1 Introduction

Depression constitutes a multifaceted and debilitating mental health disorder characterized by persistent and pervasive dysphoric mood states, including profound sadness, feelings of hopelessness, and a notable diminishment in the capacity to experience pleasure or interest in routine activities [1]. According to World Health Organization (WHO), approximately 5% of adults (4% men and 6% women) in the world are suffering from depression [2]. Beyond the realm of ordinary mood fluctuations, depression engenders a pervasive impact on cognitive, affective, and behavioral domains, thereby significantly impairing daily functioning [3]. Commonly observed symptoms encompass disruptions in sleep patterns, alterations in appetite, decreased energy levels, cognitive impairments such as difficulties in concentration, and a proclivity towards indecisiveness [4]. The etiology of depression is inherently complex, implicating a confluence of genetic, neurobiological, environmental, and psychosocial determinants [5]. In the realm of academic discourse, depression manifests not only through cognitive and emotional dimensions but also encompasses somatic aspects, frequently leading individuals to exhibit concurrent physical symptoms [6, 7]. Given the considerable variation in symptomatology and the deleterious ramifications on overall well-being, a holistic strategy for addressing depression involves utilizing both medication and therapy, highlighting the importance of expert evaluation and support to achieve the best treatment results [8, 9].

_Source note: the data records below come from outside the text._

section \<open>Connected sets and components\<close>

lemma connected_setI:
  assumes "\<And>P Q. P \<noteq> {} \<Longrightarrow> Q \<noteq> {} \<Longrightarrow> P \<inter> Q = {} \<Longrightarrow> P \<union> Q = K \<Longrightarrow>
      \<forall>p\<in>P. \<forall>q\<in>Q. (p, q) \<notin> E \<Longrightarrow> False"
  shows "connected_set E K"
  unfolding connected_set_def
proof (intro notI, elim exE conjE)
  fix P Q assume "P \<noteq> {}" "Q \<noteq> {}" "P \<inter> Q = {}" "P \<union> Q = K" "\<forall>p\<in>P. \<forall>q\<in>Q. (p, q) \<notin> E"
  then show False by (rule assms)
qed

lemma connected_setD:
  assumes "connected_set E K" "P \<noteq> {}" "Q \<noteq> {}" "P \<inter> Q = {}" "P \<union> Q = K"
    "\<forall>p\<in>P. \<forall>q\<in>Q. (p, q) \<notin> E"
  shows False
proof -
  have "\<exists>P Q. P \<noteq> {} \<and> Q \<noteq> {} \<and> P \<inter> Q = {} \<and> P \<union> Q = K \<and> (\<forall>p\<in>P. \<forall>q\<in>Q. (p, q) \<notin> E)"
    by (intro exI[of _ P] exI[of _ Q] conjI) (fact assms)+
  then show False using assms(1) unfolding connected_set_def by (elim notE)
qed

lemma connected_set_subset_Un:
  assumes K: "connected_set E K" and "K \<subseteq> P \<union> Q" "P \<inter> Q = {}" "\<forall>p\<in>P. \<forall>q\<in>Q. (p, q) \<notin> E"
  shows "K \<subseteq> P \<or> K \<subseteq> Q"
proof (rule ccontr)
  assume "\<not> ?thesis"
  then have "P \<inter> K \<noteq> {}" "Q \<inter> K \<noteq> {}" using assms(2) by auto
  moreover have "(P \<inter> K) \<inter> (Q \<inter> K) = {}" using assms(3) by auto
  moreover have "(P \<inter> K) \<union> (Q \<inter> K) = K" using assms(2) by auto
  moreover have "\<forall>p\<in>P \<inter> K. \<forall>q\<in>Q \<inter> K. (p, q) \<notin> E" using assms(4) by auto
  ultimately show False by (rule connected_setD[OF K])
qed

lemma connected_set_boundary_edge:
  assumes "connected_set E Q" "A \<subseteq> Q" "A \<noteq> {}" "A \<noteq> Q"
  shows "\<exists>a\<in>A. \<exists>q\<in>Q - A. (a, q) \<in> E"
proof (rule ccontr)
  assume no_edge: "\<not> ?thesis"
  have "Q - A \<noteq> {}" using assms(2,4) by blast
  moreover have "A \<inter> (Q - A) = {}" "A \<union> (Q - A) = Q" using assms(2) by auto
  moreover have "\<forall>a\<in>A. \<forall>q\<in>Q - A. (a, q) \<notin> E" using no_edge by blast
  ultimately show False by (rule connected_setD[OF assms(1,3)])
qed

lemma connected_set_edge:
  assumes "(a, b) \<in> E" "(b, a) \<in> E"
  shows "connected_set E {a, b}"
proof (rule connected_setI)
  fix P Q assume PQ: "P \<noteq> {}" "Q \<noteq> {}" "P \<inter> Q = {}" "P \<union> Q = {a, b}" "\<forall>p\<in>P. \<forall>q\<in>Q. (p, q) \<notin> E"
  obtain p q where pq: "p \<in> P" "q \<in> Q" using PQ(1,2) by blast
  then have "p \<noteq> q" "p \<in> {a, b}" "q \<in> {a, b}" using PQ(3,4) by auto
  then have "(p, q) \<in> E" using assms by auto
  then show False using PQ(5) pq by blast
qed

lemma connected_set_singleton: "connected_set E {a}"
proof (rule connected_setI)
  fix P Q assume PQ: "P \<noteq> {}" "Q \<noteq> {}" "P \<inter> Q = {}" "P \<union> Q = {a}"
  obtain p q where "p \<in> P" "q \<in> Q" using PQ(1,2) by blast
  then have "p = a" "q = a" using PQ(4) by auto
  then show False using PQ(3) \<open>p \<in> P\<close> \<open>q \<in> Q\<close> by blast
qed

lemma connected_set_Un:
  assumes K: "connected_set E K" and L: "connected_set E L" and KL: "K \<inter> L \<noteq> {}"
  shows "connected_set E (K \<union> L)"
proof (rule connected_setI)
  fix P Q assume PQ: "P \<noteq> {}" "Q \<noteq> {}" "P \<inter> Q = {}" "P \<union> Q = K \<union> L" "\<forall>p\<in>P. \<forall>q\<in>Q. (p, q) \<notin> E"
  have "K \<subseteq> P \<union> Q" "L \<subseteq> P \<union> Q" using PQ(4) by auto
  then have K_side: "K \<subseteq> P \<or> K \<subseteq> Q" and L_side: "L \<subseteq> P \<or> L \<subseteq> Q"
    using connected_set_subset_Un[OF K _ PQ(3,5)] connected_set_subset_Un[OF L _ PQ(3,5)] by simp_all
  obtain x where "x \<in> K" "x \<in> L" using KL by blast
  then have "K \<union> L \<subseteq> P \<or> K \<union> L \<subseteq> Q" using K_side L_side PQ(3) by blast
  then show False using PQ(1-4) by blast
qed

lemma connected_set_image:
  assumes S: "connected_set E1 S" and F: "\<forall>x\<in>S. \<forall>y\<in>S. (x, y) \<in> E1 \<longrightarrow> (F x, F y) \<in> E2"
  shows "connected_set E2 (F ` S)"
proof (rule connected_setI)
  fix P Q assume PQ: "P \<noteq> {}" "Q \<noteq> {}" "P \<inter> Q = {}" "P \<union> Q = F ` S" "\<forall>p\<in>P. \<forall>q\<in>Q. (p, q) \<notin> E2"
  have "S \<subseteq> {x \<in> S. F x \<in> P} \<union> {x \<in> S. F x \<in> Q}" using PQ(4) by blast
  moreover have "{x \<in> S. F x \<in> P} \<inter> {x \<in> S. F x \<in> Q} = {}" using PQ(3) by blast
  moreover have "\<forall>x\<in>{x \<in> S. F x \<in> P}. \<forall>y\<in>{x \<in> S. F x \<in> Q}. (x, y) \<notin> E1" using PQ(5) F by blast
  ultimately have "S \<subseteq> {x \<in> S. F x \<in> P} \<or> S \<subseteq> {x \<in> S. F x \<in> Q}"
    by (rule connected_set_subset_Un[OF S])
  then have "F ` S \<subseteq> P \<or> F ` S \<subseteq> Q" by blast
  then show False using PQ(1-4) by blast
qed

lemma exists_component:
  assumes "finite S" "s \<in> S"
  obtains K where "component_of E S K" "s \<in> K"
proof -
  define C where "C = {K. K \<subseteq> S \<and> connected_set E K \<and> s \<in> K}"
  have "C \<subseteq> Pow S" unfolding C_def by blast
  then have "finite C" using assms(1) finite_subset by blast
  moreover have "{s} \<in> C" using assms(2) connected_set_singleton unfolding C_def by simp
  ultimately obtain K where K: "K \<in> C" and max: "\<And>K'. K' \<in> C \<Longrightarrow> K \<subseteq> K' \<Longrightarrow> K = K'"
    using finite_has_maximal[of C] by blast
  have "component_of E S K" unfolding component_of_def
  proof (intro conjI allI impI)
    show "K \<subseteq> S" "connected_set E K" using K unfolding C_def by simp_all
    fix K' assume "K \<subseteq> K' \<and> K' \<subseteq> S \<and> connected_set E K'"
    then show "K' = K" using max[of K'] K unfolding C_def by blast
  qed
  then show thesis using that K unfolding C_def by blast
qed

lemma component_ofD:
  assumes "component_of E S K"
  shows "K \<subseteq> S" "connected_set E K" "\<And>K'. K \<subseteq> K' \<Longrightarrow> K' \<subseteq> S \<Longrightarrow> connected_set E K' \<Longrightarrow> K' = K"
  using assms unfolding component_of_def by auto

lemma component_of_absorb:
  assumes K: "component_of E S K" and L: "connected_set E L" "L \<subseteq> S" and KL: "K \<inter> L \<noteq> {}"
  shows "L \<subseteq> K"
proof -
  have "connected_set E (K \<union> L)" by (rule connected_set_Un[OF component_ofD(2)[OF K] L(1) KL])
  then have "K \<union> L = K" using component_ofD(1,3)[OF K] L(2) by simp
  then show ?thesis by blast
qed

lemma component_of_nonempty:
  assumes K: "component_of E S K" and s: "s \<in> S"
  shows "K \<noteq> {}"
proof
  assume "K = {}"
  then have "{s} = K" using component_ofD(3)[OF K, of "{s}"] s connected_set_singleton[of E s] by simp
  with \<open>K = {}\<close> show False by simp
qed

Existing depression scales encompass a variety of instruments designed to assess and quantify depressive symptoms across different populations. The Beck Depression Inventory (BDI) [10] and Patient Health Questionnaire (PHQ-9) [11] offer self-report measures, while the Hamilton Depression Rating Scale (HAM-D) [12] provides a comprehensive questionnaire for symptom evaluation. For elderly individuals, the Geriatric Depression Scale (GDS) [13] is valuable, and the Zung Self-Rating Depression Scale (SDS) [14] offers a self-administered option. The Center for Epidemiologic Studies Depression Scale (CES-D) [15] targets the general population, while the Montgomery-Åsberg Depression Rating Scale (MADRS) [16] aids in severity assessment. Additionally, the Quick Inventory of Depressive Symptomatology (QIDS) [17] and the 21-item Depression Anxiety Stress Scales (DASS-21) [18] offer a broader assessment of emotional states. These instruments collectively enhance the multidimensional understanding and diagnosis of depression, facilitating effective interventions and support strategies for clinicians and researchers alike.

The absence of culturally sensitive and contextually appropriate screening tools contributes to the under-recognition of depression in Afghanistan. Existing depression assessment instruments, often developed in Western contexts, may not adequately capture the unique manifestations, cultural expressions, and determinants of depression in Afghan populations. Moreover, the stigma associated with mental illness further impedes help-seeking behaviors and exacerbates the treatment gap.

To address these challenges, there is a pressing need for a validated depression screening instrument tailored specifically to the Afghan context [19]. The development of such a tool requires careful consideration of cultural nuances, linguistic diversity, and socio-economic factors prevalent in Afghanistan [19]. By creating a culturally sensitive screening scale, mental health professionals can enhance the early detection of depression, facilitate timely interventions, and ultimately alleviate the burden of this debilitating condition in Afghan society [19].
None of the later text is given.